lemma step_bounceI:
  assumes "i < length ps" "ps ! i = In q v t0" "next_hit C q v s"
    and "\<forall>p\<in>set ps. no_hit_before C (t0 + s) p"
    and "collide C (q + s *\<^sub>R v) v w = Some (Inr (vn, wn))"
  shows "step C (t, w, ps) (t0 + s, wn, ps[i := In (q + s *\<^sub>R v) vn (t0 + s)])"
  by (rule step.bounce[OF assms(1-3) refl _ assms(5)]) (use assms(4) all_nth_no_hit_before_iff in blast)

lemma step_cases [consumes 1, case_names exit bounce]:
  assumes "step C (t, w, ps) (t', w', ps')"
  obtains (exit) i q v t0 s sd where "i < length ps" "ps ! i = In q v t0" "next_hit C q v s"
      "t' = t0 + s" "\<forall>p\<in>set ps. no_hit_before C t' p"
      "collide C (q + s *\<^sub>R v) v w = Some (Inl sd)" "w' = w" "ps' = ps[i := Out sd t']"
  | (bounce) i q v t0 s vn where "i < length ps" "ps ! i = In q v t0" "next_hit C q v s"
      "t' = t0 + s" "\<forall>p\<in>set ps. no_hit_before C t' p"
      "collide C (q + s *\<^sub>R v) v w = Some (Inr (vn, w'))" "ps' = ps[i := In (q + s *\<^sub>R v) vn t']"
  using assms unfolding all_nth_no_hit_before_iff[symmetric] by cases blast+

lemma step_target_no_hit_before:
  assumes "step C (t, w, ps) (t', w', ps')"
  shows "\<forall>p\<in>set ps'. no_hit_before C t' p"
  using assms
proof (cases rule: step_cases)
  case (exit i q v t0 s sd)
  then show ?thesis using set_update_subset_insert by fastforce
next
  case (bounce i q v t0 s vn)
  have "no_hit_before C t' (In (q + s *\<^sub>R v) vn t')"
    by (auto simp: no_hit_before_def next_hit_def)
  then show ?thesis using bounce set_update_subset_insert by fastforce
qed

lemma step_source_no_hit_before:
  "step C (t, w, ps) (t', w', ps') \<Longrightarrow> \<forall>p\<in>set ps. no_hit_before C t' p"
  by (cases rule: step_cases) auto

lemma at_time_no_hit_before: "at_time C T (t, w, ps) \<Longrightarrow> \<forall>p\<in>set ps. no_hit_before C T p"
  unfolding at_time_def no_hit_before_def by fastforce

lemma reachable_step_time_mono:
  assumes "(step C)\<^sup>*\<^sup>* (init_sys w0 P) (t, w, ps)" and "step C (t, w, ps) (t', w', ps')"
  shows "t \<le> t'"
proof -
  have pending: "\<forall>p\<in>set ps. no_hit_before C t p"
    using assms(1)
  proof (cases rule: rtranclp.cases)
    case rtrancl_refl
    then show ?thesis by (auto simp: init_sys_def no_hit_before_def next_hit_def)
  next
    case (rtrancl_into_rtrancl S)
    then show ?thesis by (cases S) (blast dest: step_target_no_hit_before)
  qed
  from assms(2) show ?thesis
    by (cases rule: step_cases) (use pending nth_mem no_hit_before_def in metis)+
qed

lemma step_Cons_head:
  assumes "step C (t, w, [p]) (t', w', [p'])" and "\<forall>y\<in>set ps. no_hit_before C t' y"
  shows "step C (t, w, p # ps) (t', w', p' # ps)"
  using assms(1)
proof (cases rule: step_cases)
  case (exit i q v t0 s sd)
  have "step C (t, w, p # ps) (t0 + s, w, (p # ps)[0 := Out sd (t0 + s)])"
    by (rule step_exitI) (use exit assms(2) in auto)
  then show ?thesis using exit by simp
next
  case (bounce i q v t0 s vn)
  have "step C (t, w, p # ps) (t0 + s, w', (p # ps)[0 := In (q + s *\<^sub>R v) vn (t0 + s)])"
    by (rule step_bounceI) (use bounce assms(2) in auto)
  then show ?thesis using bounce by simp
qed

lemma step_Cons_tail:
  assumes "step C (t, w, ps) (t', w', ps')" and "no_hit_before C t' p"
  shows "step C (t, w, p # ps) (t', w', p # ps')"
  using assms(1)
proof (cases rule: step_cases)
  case (exit i q v t0 s sd)
  have "step C (t, w, p # ps) (t0 + s, w, (p # ps)[Suc i := Out sd (t0 + s)])"
    by (rule step_exitI) (use exit assms(2) in auto)
  then show ?thesis using exit by simp
next
  case (bounce i q v t0 s vn)
  have "step C (t, w, p # ps) (t0 + s, w', (p # ps)[Suc i := In (q + s *\<^sub>R v) vn (t0 + s)])"
    by (rule step_bounceI) (use bounce assms(2) in auto)
  then show ?thesis using bounce by simp
qed

lemma step_Cons_cases [consumes 1, case_names head tail]:
  assumes "step C (t, w, p # ps) (t', w', qs)"
  obtains (head) p' where "qs = p' # ps" "step C (t, w, [p]) (t', w', [p'])"
      "\<forall>y\<in>set ps. no_hit_before C t' y"
  | (tail) ps' where "qs = p # ps'" "step C (t, w, ps) (t', w', ps')" "no_hit_before C t' p"
  using assms
proof (cases rule: step_cases)
  case (exit i q v t0 s sd)
  show ?thesis
  proof (cases i)
    case 0
    have "step C (t, w, [p]) (t0 + s, w, [p][0 := Out sd (t0 + s)])"
      by (rule step_exitI) (use exit 0 in auto)
    then show ?thesis using exit 0 that(1) by simp
  next
    case (Suc j)
    have "step C (t, w, ps) (t0 + s, w, ps[j := Out sd (t0 + s)])"
      by (rule step_exitI) (use exit Suc in auto)
    then show ?thesis using exit Suc that(2) by simp
  qed
next
  case (bounce i q v t0 s vn)
  show ?thesis
  proof (cases i)
    case 0
    have "step C (t, w, [p]) (t0 + s, w', [p][0 := In (q + s *\<^sub>R v) vn (t0 + s)])"
      by (rule step_bounceI) (use bounce 0 in auto)
    then show ?thesis using bounce 0 that(1) by simp
  next
    case (Suc j)
    have "step C (t, w, ps) (t0 + s, w', ps[j := In (q + s *\<^sub>R v) vn (t0 + s)])"
      by (rule step_bounceI) (use bounce Suc in auto)
    then show ?thesis using bounce Suc that(2) by simp
  qed
qed

lemma collide_Inl_any_omega: "collide C x v w = Some (Inl sd) \<Longrightarrow> collide C x v w' = Some (Inl sd)"
  by (auto simp: collide_def Let_def split: if_splits)

lemma collide_Inr_any_omega:
  "collide C x v w = Some (Inr r) \<Longrightarrow> \<exists>vn wn. collide C x v w' = Some (Inr (vn, wn))"
  by (auto simp: collide_def Let_def split: if_splits)

lemma collide_Inr_off_disk:
  assumes "collide C x v w = Some (Inr (vn, wn))" and "x \<notin> sphere (diskc C) (rc C)"
  shows "wn = w \<and> collide C x v w' = Some (Inr (vn, w'))"
  using assms by (auto simp: collide_def Let_def split: if_splits)
lemma eigenvalues_coupling_mat:
  assumes "p \<noteq> 0" "p * q = 1/4"
  shows "eigenvalues (coupling_mat p q) = {-1/2, -3/2}"
proof -
  have "(l + 1) * (l + 1) = 1/4 \<longleftrightarrow> l = -1/2 \<or> l = -3/2" for l :: real
  proof -
    have "(l + 1) * (l + 1) - 1/4 = (l + 1/2) * (l + 3/2)" by algebra
    then have "(l + 1) * (l + 1) = 1/4 \<longleftrightarrow> l + 1/2 = 0 \<or> l + 3/2 = 0"
      by (simp only: mult_eq_0_iff[symmetric]) linarith
    then show ?thesis by linarith
  qed
  moreover have "eigenvalues (coupling_mat p q) = {l. (l + 1) * (l + 1) = 1/4}"
    using assms(1) by (simp add: eigenvalues_2x2 coupling_mat_entries assms(2))
  ultimately show ?thesis by auto
qed

lemma Apw_offdiag_pos:
  assumes "c > 0"
  shows "Apw c t $ 1 $ 2 > 0" "Apw c t $ 2 $ 1 > 0"
  using assms by (simp_all add: Apw_def A1_eq_coupling_mat A2_eq_coupling_mat coupling_mat_entries)

lemma eigenvalues_Apw:
  assumes "c > 0"
  shows "eigenvalues (Apw c t) = {-1/2, -3/2}"
  using assms eigenvalues_coupling_mat[of c "1 / (4*c)"] eigenvalues_coupling_mat[of "1 / (4*c)" c]
  by (simp add: Apw_def A1_eq_coupling_mat A2_eq_coupling_mat)
(* Let $\overset{1}{\nabla}$ be a concircularly semi-symmetric metric connection on an $n$-dimensional pseudo-Riemannian manifold $(\mathcal M,g)$ with generator $\pi$ and associated vector field $P$. Then $\overset{0}{E}=\overset{g}{E}+\frac{n-1}{4n}\pi(P)g-\frac{n-1}{4}\pi\otimes\pi$, $\overset{1}{E}=\overset{2}{E}=\overset{3}{E}=\overset{g}{E}$, $\overset{4}{E}=\overset{g}{E}+\frac{n-1}{n}\pi(P)g-(n-1)\pi\otimes\pi$, $\overset{5}{E}=\overset{g}{E}+\frac{n-1}{2n}\pi(P)g-\frac{n-1}{2}\pi\otimes\pi$. In particular the traceless Ricci tensor $\overset{g}{E}$ is invariant under the change of connection $\overset{g}{\nabla}\to\overset{1}{\nabla}$.
   Context: Let $(\mathcal M,g)$ be an $n$-dimensional pseudo-Riemannian manifold with Levi-Civita connection $\overset{g}{\nabla}$, let $P$ be a vector field and $\pi=g(\cdot,P)$ its associated 1-form. The semi-symmetric metric connection generated by $\pi$ is $\overset{1}{\nabla}_XY=\overset{g}{\nabla}_XY+\pi(Y)X-g(X,Y)P$; it satisfies $\overset{1}{\nabla}g=0$ and has torsion $\overset{1}{T}(X,Y)=\pi(Y)X-\pi(X)Y$. It is called a concircularly semi-symmetric metric connection if there is a smooth function $\omega$ on $\mathcal M$ such that $(\overset{g}{\nabla}_X\pi)(Y)-\pi(X)\pi(Y)=\omega\, g(X,Y)$ for all vector fields $X,Y$. Curvature tensors: $\overset{1}{R}(X,Y)Z=\overset{1}{\nabla}_X\overset{1}{\nabla}_YZ-\overset{1}{\nabla}_Y\overset{1}{\nabla}_XZ-\overset{1}{\nabla}_{[X,Y]}Z$, and with $\mathfrak S_{XYZ}$ the cyclic sum over $X,Y,Z$: $\overset{0}{R}(X,Y)Z=\overset{1}{R}(X,Y)Z-\tfrac12(\overset{1}{\nabla}_X\overset{1}{T})(Y,Z)+\tfrac12(\overset{1}{\nabla}_Y\overset{1}{T})(X,Z)-\tfrac14\mathfrak S_{XYZ}\overset{1}{T}(\overset{1}{T}(X,Y),Z)-\tfrac14\overset{1}{T}(\overset{1}{T}(X,Y),Z)$; $\overset{2}{R}(X,Y)Z=\overset{1}{R}(X,Y)Z-(\overset{1}{\nabla}_X\overset{1}{T})(Y,Z)+(\overset{1}{\nabla}_Y\overset{1}{T})(X,Z)-\mathfrak S_{XYZ}\overset{1}{T}(\overset{1}{T}(X,Y),Z)$; $\overset{3}{R}(X,Y)Z=\overset{1}{R}(X,Y)Z+(\overset{1}{\nabla}_Y\overset{1}{T})(X,Z)$; $\overset{4}{R}(X,Y)Z=\overset{1}{R}(X,Y)Z+(\overset{1}{\nabla}_Y\overset{1}{T})(X,Z)-\overset{1}{T}(\overset{1}{T}(X,Y),Z)$; $\overset{5}{R}(X,Y)Z=\overset{1}{R}(X,Y)Z-\tfrac12(\overset{1}{\nabla}_X\overset{1}{T})(Y,Z)+\tfrac12(\overset{1}{\nabla}_Y\overset{1}{T})(X,Z)-\tfrac12\mathfrak S_{XYZ}\overset{1}{T}(\overset{1}{T}(X,Y),Z)+\tfrac12\overset{1}{T}(\overset{1}{T}(Z,X),Y)$. The Ricci tensors are $\overset{\theta}{Ric}(Y,Z)=\mathrm{tr}(X\mapsto \overset{\theta}{R}(X,Y)Z)$, $\theta=0,\dots,5$, and $\overset{g}{Ric}$ is the Ricci tensor of $\overset{g}{\nabla}$ defined the same way; $\overset{\theta}{r}$ and $\overset{g}{r}$ are their $g$-traces. Einstein type tensors: $\overset{\theta}{E}=\overset{\theta}{Ric}-\frac{\overset{\theta}{r}}{n}g$ and traceless Ricci tensor $\overset{g}{E}=\overset{g}{Ric}-\frac{\overset{g}{r}}{n}g$. *)

theory Defs
  imports "HOL-Analysis.Analysis"
begin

= = = =

## Problem details
Please return every line in the data that includes the string "longleftrightarrow".

## Answer section
  have "(l + 1) * (l + 1) = 1/4 \<longleftrightarrow> l = -1/2 \<or> l = -3/2" for l :: real
    then have "(l + 1) * (l + 1) = 1/4 \<longleftrightarrow> l + 1/2 = 0 \<or> l + 3/2 = 0"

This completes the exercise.